text \<open>An SLD of a pure state \<open>\<rho> = |\<psi>\<rangle>\<langle>\<psi>|\<close> is determined on \<open>\<psi>\<close> by the derivative of \<open>\<rho>\<close>:
  pairing the SLD equation with \<open>\<psi>\<close> first forces \<open>\<langle>\<psi>|L\<psi>\<rangle> = 0\<close>.\<close>
lemma sld_apply_pure_state:
  fixes \<rho> L :: "complex mat" and \<psi> \<xi> :: "nat \<Rightarrow> complex" and g :: real
  assumes R: "\<rho> \<in> carrier_mat d d" and L: "L \<in> carrier_mat d d"
    and \<rho>_entry: "\<And>x y. x < d \<Longrightarrow> y < d \<Longrightarrow> \<rho> $$ (x,y) = \<psi> x * cnj (\<psi> y)"
    and \<psi>_norm: "braket \<psi> \<psi> = 1" and \<xi>_orth: "braket \<psi> \<xi> = 0"
    and SLD: "\<And>x y. x < d \<Longrightarrow> y < d \<Longrightarrow> (1/2) * ((\<rho> * L + L * \<rho>) $$ (x,y))
              = \<i> * of_real g * (\<xi> x * cnj (\<psi> y) - \<psi> x * cnj (\<xi> y))"
    and x: "x < d"
  shows "(\<Sum>y<d. L $$ (x,y) * \<psi> y) = 2 * \<i> * of_real g * \<xi> x"
proof -
  define u where "u x = (\<Sum>y<d. L $$ (x,y) * \<psi> y)" for x
  define q where "q = braket \<psi> u"
  have pair: "\<psi> x * q + u x = 2 * \<i> * of_real g * \<xi> x" if x: "x < d" for x
  proof -
    have "(1/2) * (\<psi> x * q + u x) = (\<Sum>y<d. (1/2) * ((\<rho> * L + L * \<rho>) $$ (x,y)) * \<psi> y)"
      unfolding q_def u_def by (rule anticommutator_pure_state_apply[OF R L \<rho>_entry \<psi>_norm x, symmetric])
    also have "\<dots> = (\<Sum>y<d. \<i> * of_real g * (\<xi> x * (cnj (\<psi> y) * \<psi> y) - \<psi> x * (cnj (\<xi> y) * \<psi> y)))"
      by (intro sum.cong refl) (subst SLD[OF x], simp_all add: algebra_simps)
    also have "\<dots> = \<i> * of_real g * (\<xi> x * braket \<psi> \<psi> - \<psi> x * braket \<xi> \<psi>)"
      unfolding braket_def by (simp add: sum_distrib_left sum_subtractf algebra_simps)
    also have "\<dots> = \<i> * of_real g * \<xi> x"
      using \<psi>_norm \<xi>_orth braket_cnj[of \<xi> \<psi>] by simp
    finally show ?thesis by simp
  qed
  have "braket \<psi> (\<lambda>x. \<psi> x * q + u x) = braket \<psi> \<psi> * q + q"
    unfolding braket_def q_def by (simp add: sum.distrib sum_distrib_right algebra_simps)
  also have "braket \<psi> (\<lambda>x. \<psi> x * q + u x) = braket \<psi> (\<lambda>x. 2 * \<i> * of_real g * \<xi> x)"
    unfolding braket_def by (intro sum.cong refl) (simp add: pair)
  also have "\<dots> = 2 * \<i> * of_real g * braket \<psi> \<xi>"
    unfolding braket_def by (simp add: sum_distrib_left ac_simps)
  finally have "q = 0" using \<psi>_norm \<xi>_orth by simp
  with pair[OF x] show ?thesis unfolding u_def by simp
qed
section \<open>Inverse of the truncated series\<close>

lemma inverse_fps_nth_rec:
  fixes f :: "real fps"
  assumes "fps_nth f 0 = 1" "0 < m"
  shows "fps_nth (inverse f) m = (\<Sum>i=1..m. - fps_nth f i * fps_nth (inverse f) (m - i))"
  using assms by (simp add: fps_inverse_def fps_right_inverse_constructor_rec sum_negf)

lemma inverse_fps_nth_nonneg:
  fixes f :: "real fps"
  assumes "fps_nth f 0 = 1" "\<And>i. 0 < i \<Longrightarrow> fps_nth f i \<le> 0"
  shows "0 \<le> fps_nth (inverse f) m"
proof (induction m rule: less_induct)
  case (less m)
  show ?case
  proof (cases "m = 0")
    case False
    then show ?thesis
      using less assms by (auto simp: inverse_fps_nth_rec intro!: sum_nonneg mult_nonpos_nonneg)
  qed (use assms in simp)
qed

lemma inverse_fps_nth_mono:
  fixes f h :: "real fps"
  assumes "fps_nth f 0 = 1" "fps_nth h 0 = 1"
    and "\<And>i. 0 < i \<Longrightarrow> fps_nth h i \<le> fps_nth f i" "\<And>i. 0 < i \<Longrightarrow> fps_nth f i \<le> 0"
  shows "fps_nth (inverse f) m \<le> fps_nth (inverse h) m"
proof (induction m rule: less_induct)
  case (less m)
  show ?case
  proof (cases "m = 0")
    case False
    have "(\<Sum>i=1..m. - fps_nth f i * fps_nth (inverse f) (m - i))
        \<le> (\<Sum>i=1..m. - fps_nth h i * fps_nth (inverse h) (m - i))"
      using less assms inverse_fps_nth_nonneg[OF assms(1,4)] order_trans[OF assms(3,4)]
      by (intro sum_mono mult_mono) auto
    then show ?thesis
      using False assms by (simp add: inverse_fps_nth_rec)
  qed (use assms in simp)
qed
(* Fix $1\le s\le d$ with $d/s$ an integer, and $T$ such that $T/2$, $Ts/(2d)$ and $T/(2s)$ are integers. Let $(f,O)\in\mathcal{O}_{\mathtt{blsp},s}$, so $f(x)=\|x-v\|_2^2$ for an $s$-block sparse $v$ and $O$ is built from a random $X\in\{-1,1\}^d$ with independent coordinates and $\mathbb{E}[X]=v$. Consider the following adaptive coordinate descent procedure using $T$ oracle queries, each of whose gradient estimates is observed only through one coordinate (i.e. through an oblivious sampling channel that deterministically selects a coordinate, chosen adaptively): Exploration phase (first $T/2$ queries): for each block $k\in[d/s]$, query the oracle $Ts/(2d)$ times and observe coordinate $(k-1)s+1$ of the gradient estimate, recovering from it the value $X_t((k-1)s+1)$ (possible since the query point is known); set $\hat X(k)$ to be the sum of these $Ts/(2d)$ recovered values. Let $k^*=\arg\max_{k\in[d/s]}|\hat X(k)|$ and $\mathcal{I}=\{(k^*-1)s+1,\dots,k^*s\}$. Exploitation phase (last $T/2$ queries): for each $j\in\mathcal{I}$, query the oracle $T/(2s)$ fresh times observing coordinate $j$, recover the values $X_t(j)$, and set $\hat Y(j)=\frac{2s}{T}\sum X_t(j)$ over these queries; set $\hat Y(j)=0$ for $j\notin\mathcal{I}$. Then the output $\hat Y=(\hat Y(1),\dots,\hat Y(d))$ satisfies \[ \mathbb{E}[f(\hat Y)]\ \le\ \frac{36\,d\ln\frac ds+2s^2}{T}. \]
   Context: Partition $[d]$ into blocks $\{(k-1)s+1,\dots,ks\}$, $k\in[d/s]$. A vector $v\in\mathbb{R}^d$ is $s$-block sparse if it vanishes outside a single block and all coordinates in that block have the same absolute value, lying in $[0,1]$. $\mathcal{O}_{\mathtt{blsp},s}$ is the set of pairs $(f_v,O_v)$, $v$ $s$-block sparse, where $f_v(x)=\|x-v\|_2^2$ on $\mathcal{X}=[-1,1]^d$ and $O_v$, on query $x$ at time $t$, outputs $2(x-X_t)$, where $X_1,X_2,\dots$ are i.i.d. copies of a random vector $X\in\{-1,1\}^d$ with independent coordinates and $\mathbb{E}[X]=v$. *)

theory Defs
  imports "HOL-Probability.Probability"
begin
lemma farthest_dist_attained:
  assumes "compact S" "S \<noteq> {}"
  obtains s where "s \<in> S" "farthest_dist S x = dist x s"
proof -
  obtain s where s: "s \<in> S" "\<And>y. y \<in> S \<Longrightarrow> dist x y \<le> dist x s"
    using continuous_attains_sup[OF assms, of "dist x"] continuous_on_dist[OF continuous_on_const continuous_on_id]
    by blast
  have "farthest_dist S x = dist x s"
    using farthest_dist_le[OF assms(2) s(2)] farthest_dist_ge[OF compact_imp_bounded[OF assms(1)] s(1)]
    by (meson order_antisym)
  with s(1) that show thesis by blast
qed

lemma farthest_dist_lipschitz:
  assumes "bounded S" "S \<noteq> {}"
  shows "1-lipschitz_on UNIV (farthest_dist S)"
proof (rule lipschitz_onI)
  have le: "farthest_dist S x \<le> dist x y + farthest_dist S y" for x y
    using assms by (intro farthest_dist_le)
      (auto intro: order_trans[OF dist_triangle] add_left_mono farthest_dist_ge)
  show "dist (farthest_dist S x) (farthest_dist S y) \<le> 1 * dist x y" for x y
    using le[of x y] le[of y x] by (simp add: dist_real_def dist_commute abs_le_iff)
qed simp

lemma farthest_dist_has_minimizer:
  fixes S :: "'a::heine_borel set"
  assumes "compact S" "S \<noteq> {}"
  obtains c where "\<And>y. farthest_dist S c \<le> farthest_dist S y"
proof -
  obtain s0 where s0: "s0 \<in> S" using assms(2) by blast
  define r where "r = farthest_dist S s0"
  have r0: "0 \<le> r"
    unfolding r_def using farthest_dist_ge[OF compact_imp_bounded[OF assms(1)] s0, of s0] by simp
  have "continuous_on (cball s0 r) (farthest_dist S)"
    using farthest_dist_lipschitz[OF compact_imp_bounded[OF assms(1)] assms(2)]
    by (meson continuous_on_subset lipschitz_on_continuous_on subset_UNIV)
  then obtain c where c: "\<And>y. y \<in> cball s0 r \<Longrightarrow> farthest_dist S c \<le> farthest_dist S y"
    using continuous_attains_inf[of "cball s0 r" "farthest_dist S"] r0 by fastforce
  \<comment> \<open>Outside the ball, the distance to s0 alone already exceeds the value at s0.\<close>
  have "farthest_dist S c \<le> farthest_dist S y" for y
  proof (cases "y \<in> cball s0 r")
    case False
    then have "r < dist y s0" by (simp add: dist_commute)
    also have "\<dots> \<le> farthest_dist S y" by (rule farthest_dist_ge[OF compact_imp_bounded[OF assms(1)] s0])
    finally show ?thesis using c[of s0] r0 unfolding r_def by simp
  qed (use c in auto)
  then show thesis by (rule that)
qed

lemma dist_step_towards_lt:
  fixes a c s :: "'a::real_inner"
  assumes "0 < t" "t * (norm a)\<^sup>2 < 2 * (a \<bullet> (s - c))"
  shows "dist (c + t *\<^sub>R a) s < dist c s"
proof -
  have "(dist (c + t *\<^sub>R a) s)\<^sup>2 = (dist c s)\<^sup>2 - t * (2 * (a \<bullet> (s - c)) - t * (norm a)\<^sup>2)"
    unfolding dist_norm power2_norm_eq_inner
    by (simp add: inner_diff_left inner_diff_right inner_add_left inner_add_right inner_commute
        algebra_simps power2_eq_square)
  also have "\<dots> < (dist c s)\<^sup>2" using assms by simp
  finally show ?thesis by (simp add: power2_less_imp_less)
qed

lemma compact_dist_lt_uniform:
  assumes "compact S" "\<And>s. s \<in> S \<Longrightarrow> dist c s < R"
  obtains R1 where "R1 < R" "\<And>s. s \<in> S \<Longrightarrow> dist c s \<le> R1"
proof (cases "S = {}")
  case False
  then obtain s1 where "s1 \<in> S" "farthest_dist S c = dist c s1"
    using farthest_dist_attained[OF assms(1)] by blast
  moreover have "dist c s \<le> farthest_dist S c" if "s \<in> S" for s
    using farthest_dist_ge[OF compact_imp_bounded[OF assms(1)] that] .
  ultimately show thesis using that[of "farthest_dist S c"] assms(2) by simp
qed (rule that[of "R - 1"], auto)
(* Let $V,g$ be as below and let $Q_J=\tfrac43\,Q^+\nu Q^-_\tau\nu Q^+$ and $Q_R=\tfrac43\,Q^-\nu Q^+_\tau\nu Q^-$, as linear operators on $PC(V)$ (products meaning composition). Then $Q_J$ and $Q_R$ are idempotent and self-adjoint with respect to the inner product on $PC(V)$ induced by $g$; $Q_J$ has range $JC(V,g)$ and $Q_R$ has range $RC(V,g)$; and $Q_JQ_R=0$, so $JC(V,g)$ and $RC(V,g)$ are orthogonal in $PC(V)$.
   Context: $V$ is a finite-dimensional real vector space with nondegenerate symmetric bilinear form $g$. $PC(V)$ is the space of bilinear maps $T:V\times V\to L(V;V)$, identified with $V^*\otimes V^*\otimes V^*\otimes V$ and carrying the nondegenerate inner product induced by $g$. Linear involutions of $PC(V)$: $(\tau T)(u,v)=T(v,u)$; $(\alpha T)(u,v)=T(u,v)^*$ ($g$-adjoint); $\chi T$ given by $g((\chi T)(u,v)w,x)=g(T(w,x)u,v)$; $(\nu T)(u,v)w=T(w,v)u$. For such an involution $B$, $Q^\pm_B=\tfrac12(1\pm B)$. $Q^+=Q^+_\chi Q^+_\alpha Q^+_\tau$, $Q^-=Q^+_\chi Q^-_\alpha Q^-_\tau$. $\mathrm{Cycl}(T)(u,v)w=T(u,v)w+T(v,w)u+T(w,u)v$. $JC(V,g)$ (resp. $RC(V,g)$) is the set of $T$ with $\mathrm{Cycl}(T)=0$, $\chi T=T$ and $\tau T=T$ (resp. $\tau T=-T$). *)

theory Defs
  imports "HOL-Analysis.Analysis"
begin

text \<open>The finite-dimensional real vector space V is modelled by a type
'a of class euclidean_space (its inner product is not used).  An element
T of PC(V) is a bilinear map V x V -> L(V;V), i.e. a map T u v w that is
linear in each of u, v, w.\<close>

type_synonym 'a pc = "'a \<Rightarrow> 'a \<Rightarrow> 'a \<Rightarrow> 'a"
(* Let $n>5$ and let $S\in\mathcal D_n^s$ be such that one of its directed cycles has even length and the other has odd length. Then: (i) if $n$ is odd, the maximal energy among such $S$ is attained by $S\cong D_n^s[2,n-2]$ (a positive $2$-cycle and a positive $(n-2)$-cycle); (ii) the minimal energy among such $S$ is attained by $S\cong D_n^s[\boldsymbol 2,3]$ (a negative $2$-cycle and a positive $3$-cycle).
   Context: A signed digraph (sidigraph) is a digraph in which every arc carries a sign $+1$ or $-1$; its adjacency matrix $A(S)=[a_{ij}]$ has $a_{ij}$ equal to the sign of the arc $w_iw_j$ if it exists and $0$ otherwise. If $\rho_1,\dots,\rho_n$ are the eigenvalues of $A(S)$, the energy of $S$ is $E(S)=\sum_{k=1}^n|\mathrm{Re}(\rho_k)|$. The sign of a directed cycle is the product of the signs of its arcs. For $k\ge 2$, $C_k$ denotes a directed cycle of length $k$ with sign $+1$ and $\boldsymbol{C}_k$ a directed cycle of length $k$ with sign $-1$. It is known that $E(C_k)=2\cot\frac{\pi}{k}$ if $k\equiv0\pmod 4$, $2\csc\frac{\pi}{k}$ if $k\equiv 2\pmod 4$, $\csc\frac{\pi}{2k}$ if $k$ is odd; and $E(\boldsymbol C_k)=2\csc\frac{\pi}{k}$ if $k\equiv0\pmod 4$, $2\cot\frac{\pi}{k}$ if $k\equiv 2\pmod 4$, $\csc\frac{\pi}{2k}$ if $k$ is odd. $\mathcal D_n^s$ is the class of sidigraphs on $n$ vertices whose underlying graph is connected and which contain exactly two directed cycles, these two cycles being vertex-disjoint. The energy of $S\in\mathcal D_n^s$ equals the sum of the energies of its two directed cycles. For integers $p,q\ge 2$ with $p+q\le n$, $D_n^s[p,q]$ and $D_n^s[\boldsymbol p,q]$ denote members of $\mathcal D_n^s$ whose two directed cycles are $C_p,C_q$, respectively $\boldsymbol C_p, C_q$. *)

theory Defs
  imports "Jordan_Normal_Form.Char_Poly"
begin

text \<open>A signed digraph (sidigraph) on the vertex set {0..<n} is given by its
adjacency function A: A i j is the sign (+1 or -1) of the arc from i to j if it
exists, and 0 otherwise.\<close>

definition sidigraph :: "nat \<Rightarrow> (nat \<Rightarrow> nat \<Rightarrow> int) \<Rightarrow> bool" where
  "sidigraph n A \<longleftrightarrow>
     (\<forall>i j. A i j \<in> {-1, 0, 1}) \<and>
     (\<forall>i j. A i j \<noteq> 0 \<longrightarrow> i < n \<and> j < n \<and> i \<noteq> j)"

definition adj_mat :: "nat \<Rightarrow> (nat \<Rightarrow> nat \<Rightarrow> int) \<Rightarrow> complex mat" where
  "adj_mat n A = mat n n (\<lambda>(i, j). complex_of_int (A i j))"

definition energy :: "nat \<Rightarrow> (nat \<Rightarrow> nat \<Rightarrow> int) \<Rightarrow> real" where
  "energy n A =
     (\<Sum>z\<in>{z. poly (char_poly (adj_mat n A)) z = 0}.
        real (order z (char_poly (adj_mat n A))) * \<bar>Re z\<bar>)"

definition underlying_connected :: "nat \<Rightarrow> (nat \<Rightarrow> nat \<Rightarrow> int) \<Rightarrow> bool" where
  "underlying_connected n A \<longleftrightarrow>
     (\<forall>i<n. \<forall>j<n. (i, j) \<in> {(u, v). A u v \<noteq> 0 \<or> A v u \<noteq> 0}\<^sup>*)"

text \<open>A directed cycle given as a list of distinct vertices v_0,...,v_{k-1}
(k \<ge> 2) with arcs v_i v_{i+1 mod k}; the cycle itself is its set of arcs.\<close>
definition cycle_list :: "(nat \<Rightarrow> nat \<Rightarrow> int) \<Rightarrow> nat list \<Rightarrow> bool" where
  "cycle_list A vs \<longleftrightarrow> length vs \<ge> 2 \<and> distinct vs \<and>
     (\<forall>i<length vs. A (vs ! i) (vs ! ((i + 1) mod length vs)) \<noteq> 0)"

definition cycle_arcs :: "nat list \<Rightarrow> (nat \<times> nat) set" where
  "cycle_arcs vs = {(vs ! i, vs ! ((i + 1) mod length vs)) | i. i < length vs}"

definition dcycles :: "(nat \<Rightarrow> nat \<Rightarrow> int) \<Rightarrow> (nat \<times> nat) set set" where
  "dcycles A = {cycle_arcs vs | vs. cycle_list A vs}"

definition cycle_len :: "(nat \<times> nat) set \<Rightarrow> nat" where
  "cycle_len c = card c"

definition cycle_verts :: "(nat \<times> nat) set \<Rightarrow> nat set" where
  "cycle_verts c = fst ` c"

definition cycle_sign :: "(nat \<Rightarrow> nat \<Rightarrow> int) \<Rightarrow> (nat \<times> nat) set \<Rightarrow> int" where
  "cycle_sign A c = (\<Prod>(i, j)\<in>c. A i j)"

definition in_Dns :: "nat \<Rightarrow> (nat \<Rightarrow> nat \<Rightarrow> int) \<Rightarrow> bool" where
  "in_Dns n A \<longleftrightarrow> sidigraph n A \<and> underlying_connected n A \<and>
     card (dcycles A) = 2 \<and>
     (\<forall>c1\<in>dcycles A. \<forall>c2\<in>dcycles A. c1 \<noteq> c2 \<longrightarrow> cycle_verts c1 \<inter> cycle_verts c2 = {})"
..........
• EXERCISE DESCRIPTION: Using the records above, set down exactly the lines from the one with "x) = (\<Sum>y<d." through the one with "using \<psi>_norm \<xi>_orth braket_cnj[of", inclusive, and nothing more.

• RESPONSE:
    have "(1/2) * (\<psi> x * q + u x) = (\<Sum>y<d. (1/2) * ((\<rho> * L + L * \<rho>) $$ (x,y)) * \<psi> y)"
      unfolding q_def u_def by (rule anticommutator_pure_state_apply[OF R L \<rho>_entry \<psi>_norm x, symmetric])
    also have "\<dots> = (\<Sum>y<d. \<i> * of_real g * (\<xi> x * (cnj (\<psi> y) * \<psi> y) - \<psi> x * (cnj (\<xi> y) * \<psi> y)))"
      by (intro sum.cong refl) (subst SLD[OF x], simp_all add: algebra_simps)
    also have "\<dots> = \<i> * of_real g * (\<xi> x * braket \<psi> \<psi> - \<psi> x * braket \<xi> \<psi>)"
      unfolding braket_def by (simp add: sum_distrib_left sum_subtractf algebra_simps)
    also have "\<dots> = \<i> * of_real g * \<xi> x"
      using \<psi>_norm \<xi>_orth braket_cnj[of \<xi> \<psi>] by simp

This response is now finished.